Records from a data collection —
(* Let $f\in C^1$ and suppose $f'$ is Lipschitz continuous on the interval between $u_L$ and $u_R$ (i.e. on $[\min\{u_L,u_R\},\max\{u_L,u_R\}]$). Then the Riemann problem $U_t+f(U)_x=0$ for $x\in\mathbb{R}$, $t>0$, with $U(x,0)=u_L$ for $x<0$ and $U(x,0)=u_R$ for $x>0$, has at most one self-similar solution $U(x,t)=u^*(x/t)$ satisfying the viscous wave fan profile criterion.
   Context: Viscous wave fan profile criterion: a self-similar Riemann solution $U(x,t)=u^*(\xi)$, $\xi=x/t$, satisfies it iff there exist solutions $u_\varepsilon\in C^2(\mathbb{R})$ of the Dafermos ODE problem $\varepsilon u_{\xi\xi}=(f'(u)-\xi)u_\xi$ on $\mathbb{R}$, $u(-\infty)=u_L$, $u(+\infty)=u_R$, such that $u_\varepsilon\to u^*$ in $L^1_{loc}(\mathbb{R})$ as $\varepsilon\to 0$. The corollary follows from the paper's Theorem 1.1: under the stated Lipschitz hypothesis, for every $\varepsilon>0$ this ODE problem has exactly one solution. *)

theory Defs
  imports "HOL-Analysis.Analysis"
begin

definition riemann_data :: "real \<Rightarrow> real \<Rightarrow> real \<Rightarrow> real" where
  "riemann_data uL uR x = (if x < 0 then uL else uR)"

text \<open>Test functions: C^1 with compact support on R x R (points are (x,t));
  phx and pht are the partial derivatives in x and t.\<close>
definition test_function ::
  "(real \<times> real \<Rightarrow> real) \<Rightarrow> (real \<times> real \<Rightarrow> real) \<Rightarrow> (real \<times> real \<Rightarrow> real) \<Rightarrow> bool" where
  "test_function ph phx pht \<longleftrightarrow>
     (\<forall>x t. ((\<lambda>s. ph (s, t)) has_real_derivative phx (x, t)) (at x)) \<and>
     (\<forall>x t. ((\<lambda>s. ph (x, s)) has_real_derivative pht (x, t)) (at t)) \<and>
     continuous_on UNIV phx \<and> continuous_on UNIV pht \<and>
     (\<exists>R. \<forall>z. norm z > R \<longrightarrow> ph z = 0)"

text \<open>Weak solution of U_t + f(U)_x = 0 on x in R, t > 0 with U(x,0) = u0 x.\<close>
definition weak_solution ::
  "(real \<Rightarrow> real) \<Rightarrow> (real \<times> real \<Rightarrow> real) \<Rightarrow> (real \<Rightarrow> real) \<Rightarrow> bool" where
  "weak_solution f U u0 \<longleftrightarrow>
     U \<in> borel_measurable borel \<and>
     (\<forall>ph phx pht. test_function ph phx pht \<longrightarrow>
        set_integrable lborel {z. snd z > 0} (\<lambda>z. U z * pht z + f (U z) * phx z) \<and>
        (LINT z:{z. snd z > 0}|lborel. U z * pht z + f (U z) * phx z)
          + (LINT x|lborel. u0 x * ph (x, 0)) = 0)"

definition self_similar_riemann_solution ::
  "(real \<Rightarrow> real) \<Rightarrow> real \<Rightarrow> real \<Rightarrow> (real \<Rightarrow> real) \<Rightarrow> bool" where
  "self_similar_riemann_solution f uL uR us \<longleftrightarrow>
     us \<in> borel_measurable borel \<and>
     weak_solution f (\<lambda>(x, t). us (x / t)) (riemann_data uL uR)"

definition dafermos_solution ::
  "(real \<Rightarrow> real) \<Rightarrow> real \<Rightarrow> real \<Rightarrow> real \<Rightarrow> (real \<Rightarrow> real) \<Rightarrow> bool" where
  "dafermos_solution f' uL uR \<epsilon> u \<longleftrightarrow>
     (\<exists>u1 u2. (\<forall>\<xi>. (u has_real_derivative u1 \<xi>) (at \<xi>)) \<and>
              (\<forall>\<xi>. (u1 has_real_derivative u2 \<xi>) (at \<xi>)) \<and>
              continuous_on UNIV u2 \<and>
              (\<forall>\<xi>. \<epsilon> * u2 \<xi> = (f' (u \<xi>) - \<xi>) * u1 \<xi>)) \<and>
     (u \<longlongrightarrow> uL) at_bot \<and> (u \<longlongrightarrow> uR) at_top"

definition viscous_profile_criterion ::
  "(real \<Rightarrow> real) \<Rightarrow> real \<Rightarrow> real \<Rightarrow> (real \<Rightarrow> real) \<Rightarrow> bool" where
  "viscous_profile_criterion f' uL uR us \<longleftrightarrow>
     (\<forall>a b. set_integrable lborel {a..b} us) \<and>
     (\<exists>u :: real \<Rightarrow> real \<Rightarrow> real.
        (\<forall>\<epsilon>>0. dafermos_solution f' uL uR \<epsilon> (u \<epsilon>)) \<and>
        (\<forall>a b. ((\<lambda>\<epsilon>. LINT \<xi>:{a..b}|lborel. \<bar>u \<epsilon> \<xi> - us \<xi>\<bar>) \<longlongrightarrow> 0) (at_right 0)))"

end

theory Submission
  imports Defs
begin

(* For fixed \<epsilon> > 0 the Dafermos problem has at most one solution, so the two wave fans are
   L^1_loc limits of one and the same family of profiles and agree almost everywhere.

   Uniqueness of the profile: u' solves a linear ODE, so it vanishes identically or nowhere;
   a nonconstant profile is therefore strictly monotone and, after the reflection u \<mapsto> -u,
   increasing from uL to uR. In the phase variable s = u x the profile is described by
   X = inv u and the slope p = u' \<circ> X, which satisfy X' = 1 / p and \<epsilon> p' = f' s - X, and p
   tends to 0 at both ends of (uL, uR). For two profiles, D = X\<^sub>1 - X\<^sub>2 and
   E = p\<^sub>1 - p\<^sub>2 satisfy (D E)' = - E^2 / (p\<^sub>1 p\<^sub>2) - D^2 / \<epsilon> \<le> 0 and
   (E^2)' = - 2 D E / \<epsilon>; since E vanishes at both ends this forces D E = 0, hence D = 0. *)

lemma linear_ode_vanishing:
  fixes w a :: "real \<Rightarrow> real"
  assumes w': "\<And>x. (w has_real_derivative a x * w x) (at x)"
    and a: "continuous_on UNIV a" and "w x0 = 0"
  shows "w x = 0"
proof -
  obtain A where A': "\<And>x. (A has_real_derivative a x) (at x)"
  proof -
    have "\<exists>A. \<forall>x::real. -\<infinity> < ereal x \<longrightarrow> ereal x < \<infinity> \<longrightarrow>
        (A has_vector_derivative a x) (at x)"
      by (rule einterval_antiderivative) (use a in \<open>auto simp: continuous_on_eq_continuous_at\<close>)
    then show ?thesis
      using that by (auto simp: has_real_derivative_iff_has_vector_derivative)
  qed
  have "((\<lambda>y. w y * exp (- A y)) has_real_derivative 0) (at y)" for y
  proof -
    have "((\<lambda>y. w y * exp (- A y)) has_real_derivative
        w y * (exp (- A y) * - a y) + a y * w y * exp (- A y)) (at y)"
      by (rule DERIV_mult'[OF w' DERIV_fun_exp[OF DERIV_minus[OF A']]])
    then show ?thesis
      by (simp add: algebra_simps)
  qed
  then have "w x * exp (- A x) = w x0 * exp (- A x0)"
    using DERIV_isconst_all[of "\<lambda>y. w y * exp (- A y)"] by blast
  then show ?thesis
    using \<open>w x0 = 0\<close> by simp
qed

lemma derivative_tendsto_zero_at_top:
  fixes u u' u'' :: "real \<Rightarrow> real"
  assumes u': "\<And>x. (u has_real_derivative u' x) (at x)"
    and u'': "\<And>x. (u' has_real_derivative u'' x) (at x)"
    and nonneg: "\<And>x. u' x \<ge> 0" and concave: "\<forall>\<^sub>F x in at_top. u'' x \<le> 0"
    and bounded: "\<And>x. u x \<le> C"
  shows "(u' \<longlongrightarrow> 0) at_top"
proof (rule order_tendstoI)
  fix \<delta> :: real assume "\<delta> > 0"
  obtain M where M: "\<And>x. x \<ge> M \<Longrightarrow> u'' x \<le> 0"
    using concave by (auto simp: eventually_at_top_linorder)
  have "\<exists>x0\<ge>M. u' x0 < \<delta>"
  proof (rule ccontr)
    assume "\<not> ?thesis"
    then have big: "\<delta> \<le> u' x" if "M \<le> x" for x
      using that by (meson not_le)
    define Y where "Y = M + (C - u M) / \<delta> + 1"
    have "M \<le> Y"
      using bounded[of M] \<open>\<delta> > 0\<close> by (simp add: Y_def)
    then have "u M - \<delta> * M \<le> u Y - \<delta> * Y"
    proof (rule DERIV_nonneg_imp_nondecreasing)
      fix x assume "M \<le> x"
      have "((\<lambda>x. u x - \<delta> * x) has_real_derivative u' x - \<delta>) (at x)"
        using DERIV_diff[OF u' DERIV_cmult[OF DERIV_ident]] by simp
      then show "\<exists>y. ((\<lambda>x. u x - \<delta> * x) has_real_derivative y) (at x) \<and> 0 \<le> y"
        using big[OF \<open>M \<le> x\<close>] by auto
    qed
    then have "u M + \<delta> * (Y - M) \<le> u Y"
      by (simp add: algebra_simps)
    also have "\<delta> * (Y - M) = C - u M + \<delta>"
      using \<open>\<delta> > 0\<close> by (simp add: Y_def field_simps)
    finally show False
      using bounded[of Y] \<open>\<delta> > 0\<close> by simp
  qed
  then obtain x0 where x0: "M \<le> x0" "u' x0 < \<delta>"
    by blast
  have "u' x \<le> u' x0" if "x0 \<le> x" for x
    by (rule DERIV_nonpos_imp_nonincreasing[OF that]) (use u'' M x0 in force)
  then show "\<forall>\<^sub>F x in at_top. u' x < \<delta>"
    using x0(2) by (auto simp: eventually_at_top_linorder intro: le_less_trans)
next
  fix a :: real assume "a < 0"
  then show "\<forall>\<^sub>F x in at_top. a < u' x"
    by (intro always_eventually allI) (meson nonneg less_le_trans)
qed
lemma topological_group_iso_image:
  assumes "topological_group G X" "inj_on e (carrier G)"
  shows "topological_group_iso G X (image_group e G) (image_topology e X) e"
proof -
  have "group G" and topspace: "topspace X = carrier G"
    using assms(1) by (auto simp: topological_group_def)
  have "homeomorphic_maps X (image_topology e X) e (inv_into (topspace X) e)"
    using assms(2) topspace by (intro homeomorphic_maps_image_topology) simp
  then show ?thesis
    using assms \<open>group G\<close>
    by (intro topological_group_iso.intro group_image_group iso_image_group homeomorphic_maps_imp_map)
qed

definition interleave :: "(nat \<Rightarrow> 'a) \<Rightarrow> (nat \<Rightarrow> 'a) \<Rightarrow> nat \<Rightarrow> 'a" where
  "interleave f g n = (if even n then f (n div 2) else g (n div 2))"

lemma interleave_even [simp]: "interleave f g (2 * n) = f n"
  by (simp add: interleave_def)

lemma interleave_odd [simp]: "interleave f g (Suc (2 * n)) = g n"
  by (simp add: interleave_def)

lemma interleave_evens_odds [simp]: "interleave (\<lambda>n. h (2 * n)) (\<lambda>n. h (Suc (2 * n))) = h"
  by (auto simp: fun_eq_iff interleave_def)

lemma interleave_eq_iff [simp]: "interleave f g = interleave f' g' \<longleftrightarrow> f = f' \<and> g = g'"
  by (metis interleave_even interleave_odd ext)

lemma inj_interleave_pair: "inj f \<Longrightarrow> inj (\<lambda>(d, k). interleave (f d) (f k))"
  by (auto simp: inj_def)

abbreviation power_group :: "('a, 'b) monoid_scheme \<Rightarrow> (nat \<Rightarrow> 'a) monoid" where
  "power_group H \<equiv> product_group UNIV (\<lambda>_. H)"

Work instruction —
Exactly the lines from the one with "f g (2 * n) = f" through the final line of the entries are to be returned, both ends included.

Result for this task —
lemma interleave_even [simp]: "interleave f g (2 * n) = f n"
  by (simp add: interleave_def)

lemma interleave_odd [simp]: "interleave f g (Suc (2 * n)) = g n"
  by (simp add: interleave_def)

lemma interleave_evens_odds [simp]: "interleave (\<lambda>n. h (2 * n)) (\<lambda>n. h (Suc (2 * n))) = h"
  by (auto simp: fun_eq_iff interleave_def)

lemma interleave_eq_iff [simp]: "interleave f g = interleave f' g' \<longleftrightarrow> f = f' \<and> g = g'"
  by (metis interleave_even interleave_odd ext)

lemma inj_interleave_pair: "inj f \<Longrightarrow> inj (\<lambda>(d, k). interleave (f d) (f k))"
  by (auto simp: inj_def)

abbreviation power_group :: "('a, 'b) monoid_scheme \<Rightarrow> (nat \<Rightarrow> 'a) monoid" where
  "power_group H \<equiv> product_group UNIV (\<lambda>_. H)"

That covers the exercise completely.